Your objective => The answer must consist of every line in the records below that contains the string "lemma".

_____

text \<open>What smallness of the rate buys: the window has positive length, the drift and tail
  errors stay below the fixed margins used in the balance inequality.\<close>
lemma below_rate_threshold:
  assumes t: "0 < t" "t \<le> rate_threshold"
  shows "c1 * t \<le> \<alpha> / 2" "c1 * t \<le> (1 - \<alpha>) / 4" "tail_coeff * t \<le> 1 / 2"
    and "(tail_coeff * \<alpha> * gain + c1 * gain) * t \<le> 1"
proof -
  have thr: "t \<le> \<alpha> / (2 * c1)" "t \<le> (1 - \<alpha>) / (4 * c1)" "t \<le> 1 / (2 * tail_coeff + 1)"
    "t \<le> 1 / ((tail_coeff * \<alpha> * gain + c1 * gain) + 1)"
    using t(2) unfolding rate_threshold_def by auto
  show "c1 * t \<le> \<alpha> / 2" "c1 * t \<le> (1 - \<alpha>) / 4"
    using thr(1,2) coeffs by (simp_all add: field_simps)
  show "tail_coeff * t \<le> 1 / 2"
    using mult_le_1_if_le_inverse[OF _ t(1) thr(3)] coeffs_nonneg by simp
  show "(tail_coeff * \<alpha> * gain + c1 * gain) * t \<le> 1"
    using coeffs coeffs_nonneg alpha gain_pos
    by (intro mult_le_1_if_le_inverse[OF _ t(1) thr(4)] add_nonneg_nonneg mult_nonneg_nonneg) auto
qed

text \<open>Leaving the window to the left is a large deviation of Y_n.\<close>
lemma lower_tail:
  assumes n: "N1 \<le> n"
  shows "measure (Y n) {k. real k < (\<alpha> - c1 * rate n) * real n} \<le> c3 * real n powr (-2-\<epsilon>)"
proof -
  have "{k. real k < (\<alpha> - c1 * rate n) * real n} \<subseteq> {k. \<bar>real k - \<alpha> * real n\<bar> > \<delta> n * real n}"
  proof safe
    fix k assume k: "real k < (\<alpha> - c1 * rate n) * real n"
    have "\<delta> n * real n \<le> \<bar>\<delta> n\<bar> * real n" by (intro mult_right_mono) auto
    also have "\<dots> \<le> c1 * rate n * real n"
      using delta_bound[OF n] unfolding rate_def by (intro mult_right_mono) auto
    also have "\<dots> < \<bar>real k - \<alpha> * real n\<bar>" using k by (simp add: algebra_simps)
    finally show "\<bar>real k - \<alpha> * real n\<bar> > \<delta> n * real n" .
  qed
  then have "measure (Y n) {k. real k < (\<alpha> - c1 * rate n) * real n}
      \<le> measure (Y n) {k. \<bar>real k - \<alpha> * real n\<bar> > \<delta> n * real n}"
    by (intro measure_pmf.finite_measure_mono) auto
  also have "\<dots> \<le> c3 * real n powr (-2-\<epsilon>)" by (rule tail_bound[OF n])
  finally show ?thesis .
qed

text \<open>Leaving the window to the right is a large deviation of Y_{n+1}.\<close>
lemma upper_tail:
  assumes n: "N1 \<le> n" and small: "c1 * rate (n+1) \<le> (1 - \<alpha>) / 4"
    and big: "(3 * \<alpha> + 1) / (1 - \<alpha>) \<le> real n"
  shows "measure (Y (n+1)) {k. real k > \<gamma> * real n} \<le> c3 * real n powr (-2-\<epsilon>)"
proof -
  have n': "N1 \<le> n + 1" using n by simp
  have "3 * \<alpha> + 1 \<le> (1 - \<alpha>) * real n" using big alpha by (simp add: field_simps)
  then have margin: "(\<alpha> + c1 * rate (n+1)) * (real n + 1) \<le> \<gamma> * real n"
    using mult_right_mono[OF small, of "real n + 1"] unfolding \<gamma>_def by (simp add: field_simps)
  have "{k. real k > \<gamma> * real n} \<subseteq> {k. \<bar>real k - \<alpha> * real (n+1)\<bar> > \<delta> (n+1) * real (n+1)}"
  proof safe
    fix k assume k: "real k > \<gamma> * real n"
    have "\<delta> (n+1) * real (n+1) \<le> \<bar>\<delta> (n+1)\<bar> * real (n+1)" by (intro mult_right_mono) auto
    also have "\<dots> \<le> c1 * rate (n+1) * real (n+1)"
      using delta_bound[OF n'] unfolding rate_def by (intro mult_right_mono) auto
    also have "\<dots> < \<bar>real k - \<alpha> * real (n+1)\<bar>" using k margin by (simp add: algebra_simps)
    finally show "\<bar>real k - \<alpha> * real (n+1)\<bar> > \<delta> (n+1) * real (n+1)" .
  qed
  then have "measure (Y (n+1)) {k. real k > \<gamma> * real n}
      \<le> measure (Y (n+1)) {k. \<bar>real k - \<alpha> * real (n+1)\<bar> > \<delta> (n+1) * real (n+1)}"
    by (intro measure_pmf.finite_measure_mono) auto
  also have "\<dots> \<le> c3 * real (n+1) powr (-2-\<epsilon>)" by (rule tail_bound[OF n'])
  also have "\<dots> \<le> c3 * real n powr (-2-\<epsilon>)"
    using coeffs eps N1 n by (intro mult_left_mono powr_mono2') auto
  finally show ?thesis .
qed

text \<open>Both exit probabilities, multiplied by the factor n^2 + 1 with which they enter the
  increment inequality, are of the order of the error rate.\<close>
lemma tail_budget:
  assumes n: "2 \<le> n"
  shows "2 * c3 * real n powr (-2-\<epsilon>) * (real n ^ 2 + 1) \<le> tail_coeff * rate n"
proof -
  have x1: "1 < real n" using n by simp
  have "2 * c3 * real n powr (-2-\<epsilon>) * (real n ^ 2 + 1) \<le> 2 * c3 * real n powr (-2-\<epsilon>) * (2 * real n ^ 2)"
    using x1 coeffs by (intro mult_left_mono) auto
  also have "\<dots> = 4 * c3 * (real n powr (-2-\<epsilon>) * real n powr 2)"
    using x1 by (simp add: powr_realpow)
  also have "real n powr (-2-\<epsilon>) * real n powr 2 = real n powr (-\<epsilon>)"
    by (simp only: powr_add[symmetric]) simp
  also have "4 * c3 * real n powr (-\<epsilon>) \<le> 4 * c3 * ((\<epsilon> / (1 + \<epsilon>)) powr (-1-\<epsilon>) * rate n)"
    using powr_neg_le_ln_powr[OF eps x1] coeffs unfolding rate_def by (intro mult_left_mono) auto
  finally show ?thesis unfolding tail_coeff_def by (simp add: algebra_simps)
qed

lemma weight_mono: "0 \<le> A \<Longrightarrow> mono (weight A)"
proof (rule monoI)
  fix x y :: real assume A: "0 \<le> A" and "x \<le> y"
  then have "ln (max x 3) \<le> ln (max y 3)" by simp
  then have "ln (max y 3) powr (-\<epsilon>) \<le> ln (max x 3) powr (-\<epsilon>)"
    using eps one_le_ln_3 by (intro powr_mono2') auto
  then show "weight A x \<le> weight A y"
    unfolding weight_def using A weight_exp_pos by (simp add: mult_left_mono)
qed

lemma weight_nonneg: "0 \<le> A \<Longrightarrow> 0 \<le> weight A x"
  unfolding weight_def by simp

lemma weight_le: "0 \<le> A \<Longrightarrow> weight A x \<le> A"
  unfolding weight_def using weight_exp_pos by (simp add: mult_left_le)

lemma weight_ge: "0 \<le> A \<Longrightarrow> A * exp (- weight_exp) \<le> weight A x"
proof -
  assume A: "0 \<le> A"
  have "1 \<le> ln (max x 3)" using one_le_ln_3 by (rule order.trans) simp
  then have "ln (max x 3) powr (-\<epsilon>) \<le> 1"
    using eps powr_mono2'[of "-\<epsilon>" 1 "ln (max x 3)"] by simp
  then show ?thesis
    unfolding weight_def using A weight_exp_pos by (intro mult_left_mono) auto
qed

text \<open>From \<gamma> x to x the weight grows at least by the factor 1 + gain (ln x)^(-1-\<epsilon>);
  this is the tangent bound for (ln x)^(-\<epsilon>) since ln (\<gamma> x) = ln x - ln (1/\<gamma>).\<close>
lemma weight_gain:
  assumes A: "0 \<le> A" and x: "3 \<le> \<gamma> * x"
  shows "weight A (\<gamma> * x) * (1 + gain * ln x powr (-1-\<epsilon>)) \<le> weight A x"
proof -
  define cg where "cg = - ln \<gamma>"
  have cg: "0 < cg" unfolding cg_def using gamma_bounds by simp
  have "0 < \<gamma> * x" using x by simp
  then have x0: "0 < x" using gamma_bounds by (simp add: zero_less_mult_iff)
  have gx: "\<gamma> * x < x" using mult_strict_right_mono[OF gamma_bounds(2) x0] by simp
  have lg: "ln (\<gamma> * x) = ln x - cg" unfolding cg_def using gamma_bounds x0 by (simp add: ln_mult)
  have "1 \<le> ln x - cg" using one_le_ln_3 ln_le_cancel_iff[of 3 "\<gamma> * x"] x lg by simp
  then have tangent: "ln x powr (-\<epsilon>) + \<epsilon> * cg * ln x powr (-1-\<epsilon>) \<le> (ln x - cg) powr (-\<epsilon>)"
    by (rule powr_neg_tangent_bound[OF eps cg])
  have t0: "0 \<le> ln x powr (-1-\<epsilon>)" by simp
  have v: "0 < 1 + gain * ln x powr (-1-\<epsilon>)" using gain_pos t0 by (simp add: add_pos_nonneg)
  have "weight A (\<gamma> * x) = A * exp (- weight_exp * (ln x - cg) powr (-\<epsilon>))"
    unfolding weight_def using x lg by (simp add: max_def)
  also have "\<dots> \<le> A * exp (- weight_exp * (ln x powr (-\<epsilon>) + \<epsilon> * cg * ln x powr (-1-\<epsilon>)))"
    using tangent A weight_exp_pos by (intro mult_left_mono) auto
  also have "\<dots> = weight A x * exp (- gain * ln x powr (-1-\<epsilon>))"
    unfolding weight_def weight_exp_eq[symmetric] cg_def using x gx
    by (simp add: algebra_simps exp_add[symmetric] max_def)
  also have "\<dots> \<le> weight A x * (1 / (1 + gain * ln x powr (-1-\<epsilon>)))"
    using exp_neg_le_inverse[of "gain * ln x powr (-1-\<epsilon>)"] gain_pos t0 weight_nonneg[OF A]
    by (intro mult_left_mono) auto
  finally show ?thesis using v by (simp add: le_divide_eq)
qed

_____

Result of the task =>
lemma below_rate_threshold:
lemma lower_tail:
lemma upper_tail:
lemma tail_budget:
lemma weight_mono: "0 \<le> A \<Longrightarrow> mono (weight A)"
lemma weight_nonneg: "0 \<le> A \<Longrightarrow> 0 \<le> weight A x"
lemma weight_le: "0 \<le> A \<Longrightarrow> weight A x \<le> A"
lemma weight_ge: "0 \<le> A \<Longrightarrow> A * exp (- weight_exp) \<le> weight A x"
lemma weight_gain:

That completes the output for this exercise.